Tirana - "Bris, ci sei? Non posso parlare, ma Ervin non è più tra di noi. Se n'è andato...è morto. Sono spacciata anche io!". Questo messaggio su Viber, inviato da un accampamento in Siria, è arrivato il 4 aprile sul cellulare di Brisilda Hasanaj.
La ventenne, che lavora in Grecia, dove è emigrata, a stento riuscì a credere che suo fratello fosse stato ucciso. "Sono stata la prima [della mia famiglia] a sapere da mia cognata che mio fratello era morto in Siria", racconta Brisilda. "Ora lei è sola laggiù, con due figlie".

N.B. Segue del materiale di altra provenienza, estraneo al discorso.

lemma Linfx_lin_finite:
  assumes [measurable]: "a \<in> borel_measurable lborel" "b \<in> borel_measurable lborel"
    and "Linfx a < \<infinity>" and "Linfx b < \<infinity>"
  shows "Linfx (\<lambda>y. c * a y + b y) < \<infinity>"
proof -
  obtain Ba where "AE x in lborel. cmod (a x) \<le> Ba"
    using Linfx_finite_iff[OF assms(1)] assms(3) by blast
  moreover obtain Bb where "AE x in lborel. cmod (b x) \<le> Bb"
    using Linfx_finite_iff[OF assms(2)] assms(4) by blast
  ultimately have "AE x in lborel. cmod (c * a x + b x) \<le> cmod c * Ba + Bb"
  proof eventually_elim
    case (elim x)
    have "cmod (c * a x + b x) \<le> cmod c * cmod (a x) + cmod (b x)"
      using norm_triangle_ineq[of "c * a x" "b x"] by (simp add: norm_mult)
    also have "\<dots> \<le> cmod c * Ba + Bb"
      using elim by (intro add_mono mult_left_mono) auto
    finally show ?case .
  qed
  then show ?thesis
    by (subst Linfx_finite_iff) auto
qed

lemma ess_bounded_on_lin:
  assumes a: "ess_bounded_on T a" and b: "ess_bounded_on T b"
  shows "ess_bounded_on T (\<lambda>t y. c * a t y + b t y)"
proof -
  let ?RT = "restrict_space lborel {0..T}"
  have am: "(\<lambda>(t, y). a t y) \<in> borel_measurable (?RT \<Otimes>\<^sub>M lborel)"
    and bm: "(\<lambda>(t, y). b t y) \<in> borel_measurable (?RT \<Otimes>\<^sub>M lborel)"
    and a_AE: "AE t in lborel. t \<in> {0..T} \<longrightarrow> Linfx (a t) < \<infinity>"
    and b_AE: "AE t in lborel. t \<in> {0..T} \<longrightarrow> Linfx (b t) < \<infinity>"
    using a b unfolding ess_bounded_on_def by auto
  then have "(\<lambda>(t, y). c * a t y + b t y) \<in> borel_measurable (?RT \<Otimes>\<^sub>M lborel)"
    unfolding case_prod_beta' by measurable
  moreover have "AE t in lborel. t \<in> {0..T} \<longrightarrow> Linfx (\<lambda>y. c * a t y + b t y) < \<infinity>"
    using a_AE b_AE
  proof (eventually_elim, intro impI)
    case (elim t)
    assume t: "t \<in> {0..T}"
    show "Linfx (\<lambda>y. c * a t y + b t y) < \<infinity>"
      using elim t borel_measurable_slice_restrict[OF am t] borel_measurable_slice_restrict[OF bm t]
      by (intro Linfx_lin_finite) auto
  qed
  ultimately show ?thesis
    unfolding ess_bounded_on_def by blast
qed

lemma Sspace_imp_ess_bounded_on:
  assumes "Sspace \<phi> c T u"
  shows "ess_bounded_on T u"
proof -
  have um: "(\<lambda>(t, y). u t y) \<in> borel_measurable (restrict_space lborel {0..T} \<Otimes>\<^sub>M lborel)"
    and "L2Linf T u < \<infinity>"
    using assms unfolding Sspace_def L2tLinfx_space_def by auto
  then have "(\<integral>\<^sup>+ t. (indicator {0..T} t * Linfx (u t)) ^ 2 \<partial>lborel) \<noteq> \<infinity>"
    unfolding L2Linf_eq_ennreal_sqrt ennreal_sqrt_def by (auto split: if_splits)
  moreover have "(\<lambda>t. indicator {0..T} t * Linfx (u t)) \<in> borel_measurable lborel"
    using borel_measurable_indicator_times_restrict[OF borel_measurable_Linfx_parametric[OF um] order_refl] .
  ultimately have "AE t in lborel. (indicator {0..T} t * Linfx (u t)) ^ 2 \<noteq> \<infinity>"
    by (intro nn_integral_PInf_AE) auto
  then have "AE t in lborel. t \<in> {0..T} \<longrightarrow> Linfx (u t) < \<infinity>"
  proof (eventually_elim, intro impI)
    case (elim t)
    assume "t \<in> {0..T}"
    then have "Linfx (u t) ^ 2 \<noteq> \<infinity>" using elim by simp
    then show "Linfx (u t) < \<infinity>"
      by (cases "Linfx (u t)") (auto simp: ennreal_power)
  qed
  with um show ?thesis
    unfolding ess_bounded_on_def by blast
qed

lemma Linfx_LP_triangle:
  assumes kernel: "bounded_integrable_kernel (LP_kernel \<phi> M)"
    and a[measurable]: "a \<in> borel_measurable lborel" and b[measurable]: "b \<in> borel_measurable lborel"
    and "Linfx a < \<infinity>" and "Linfx b < \<infinity>"
  shows "Linfx (LP \<phi> M a) \<le> Linfx (LP \<phi> M b) + Linfx (LP \<phi> M (\<lambda>y. a y - b y))"
proof -
  obtain Ba where Ba: "AE x in lborel. cmod (a x) \<le> Ba"
    using Linfx_finite_iff[OF a] \<open>Linfx a < \<infinity>\<close> by blast
  obtain Bb where Bb: "AE x in lborel. cmod (b x) \<le> Bb"
    using Linfx_finite_iff[OF b] \<open>Linfx b < \<infinity>\<close> by blast
  have "LP \<phi> M a = (\<lambda>x. LP \<phi> M b x + LP \<phi> M (\<lambda>y. a y - b y) x)"
    using integrable_conv_ess_bounded[OF kernel a Ba] integrable_conv_ess_bounded[OF kernel b Bb]
    by (simp add: LP_def fun_eq_iff right_diff_distrib integral_diff)
  moreover have "LP \<phi> M b \<in> borel_measurable lborel"
    and "LP \<phi> M (\<lambda>y. a y - b y) \<in> borel_measurable lborel"
    unfolding LP_def[abs_def] by (intro borel_measurable_conv[OF kernel]; measurable)+
  ultimately show ?thesis
    using Linfx_add by metis
qed

lemma L2Linf_mono: "\<tau> \<le> \<tau>' \<Longrightarrow> L2Linf \<tau> w \<le> L2Linf \<tau>' w"
  unfolding L2Linf_eq_ennreal_sqrt
  by (intro ennreal_sqrt_mono nn_integral_mono power_mono_ennreal mult_right_mono) (auto simp: indicator_def)

lemma L2Linf_LP_triangle:
  assumes kernel: "bounded_integrable_kernel (LP_kernel \<phi> M)"
    and a: "ess_bounded_on T a" and b: "ess_bounded_on T b" and "\<tau> \<le> T"
  shows "L2Linf \<tau> (\<lambda>t. LP \<phi> M (a t)) \<le>
    L2Linf \<tau> (\<lambda>t. LP \<phi> M (b t)) + L2Linf T (\<lambda>t. LP \<phi> M (\<lambda>y. a t y - b t y))"
proof -
  let ?RT = "restrict_space lborel {0..T}"
  have am: "(\<lambda>(t, y). a t y) \<in> borel_measurable (?RT \<Otimes>\<^sub>M lborel)"
    and bm: "(\<lambda>(t, y). b t y) \<in> borel_measurable (?RT \<Otimes>\<^sub>M lborel)"
    and a_AE: "AE t in lborel. t \<in> {0..T} \<longrightarrow> Linfx (a t) < \<infinity>"
    and b_AE: "AE t in lborel. t \<in> {0..T} \<longrightarrow> Linfx (b t) < \<infinity>"
    using a b unfolding ess_bounded_on_def by auto
  then have dm: "(\<lambda>(t, y). a t y - b t y) \<in> borel_measurable (?RT \<Otimes>\<^sub>M lborel)"
    unfolding case_prod_beta' by measurable
  define F where "F w t = indicator {0..\<tau>} t * Linfx (LP \<phi> M (w t))" for w :: fn and t
  have F_meas: "F w \<in> borel_measurable lborel"
    if "(\<lambda>(t, y). w t y) \<in> borel_measurable (?RT \<Otimes>\<^sub>M lborel)" for w
    unfolding F_def LP_def
    by (rule borel_measurable_indicator_times_restrict[OF borel_measurable_Linfx_parametric \<open>\<tau> \<le> T\<close>])
      (rule borel_measurable_conv_parametric[OF kernel that])
  have "AE t in lborel. F a t \<le> F b t + F (\<lambda>t y. a t y - b t y) t"
    using a_AE b_AE
  proof eventually_elim
    case (elim t)
    show ?case
    proof (cases "t \<in> {0..\<tau>}")
      case True
      then have t: "t \<in> {0..T}" using \<open>\<tau> \<le> T\<close> by auto
      then show ?thesis
        using True elim Linfx_LP_triangle[OF kernel borel_measurable_slice_restrict[OF am t]
            borel_measurable_slice_restrict[OF bm t]]
        by (simp add: F_def)
    qed (simp add: F_def)
  qed
  moreover have L2Linf_F: "L2Linf \<tau> (\<lambda>t. LP \<phi> M (w t)) = ennreal_sqrt (\<integral>\<^sup>+ t. F w t ^ 2 \<partial>lborel)" for w
    unfolding L2Linf_eq_ennreal_sqrt F_def by simp
  ultimately have "L2Linf \<tau> (\<lambda>t. LP \<phi> M (a t)) \<le>
      L2Linf \<tau> (\<lambda>t. LP \<phi> M (b t)) + L2Linf \<tau> (\<lambda>t. LP \<phi> M (\<lambda>y. a t y - b t y))"
    unfolding L2Linf_F using F_meas[OF am] F_meas[OF bm] F_meas[OF dm]
    by (intro Minkowski_nn_integral_L2)
  also have "\<dots> \<le> L2Linf \<tau> (\<lambda>t. LP \<phi> M (b t)) + L2Linf T (\<lambda>t. LP \<phi> M (\<lambda>y. a t y - b t y))"
    using L2Linf_mono[OF \<open>\<tau> \<le> T\<close>] by (rule add_left_mono)
  finally show ?thesis .
qed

Ervin Hasanaj, identificato dalle autorità di Tirana come uno dei 90 jihadisti albanesi che hanno raggiunto la Siria per unirsi al conflitto, è stato ucciso il primo aprile in circostanze che devono ancora essere chiarite. Il 24enne partì per la Siria tre anni fa ed era là con la moglie, Nexhmije, e due figlie. Si pensa che combattesse per lo Stato islamico.
Hasanaj è uno dei tredici cittadini albanesi che sono morti in Siria, combattendo per gruppi radicali come l'Isis. A differenza degli altri, però, si pensa che sia stato ucciso dal gruppo per cui combatteva, dopo aver cercato di disertare.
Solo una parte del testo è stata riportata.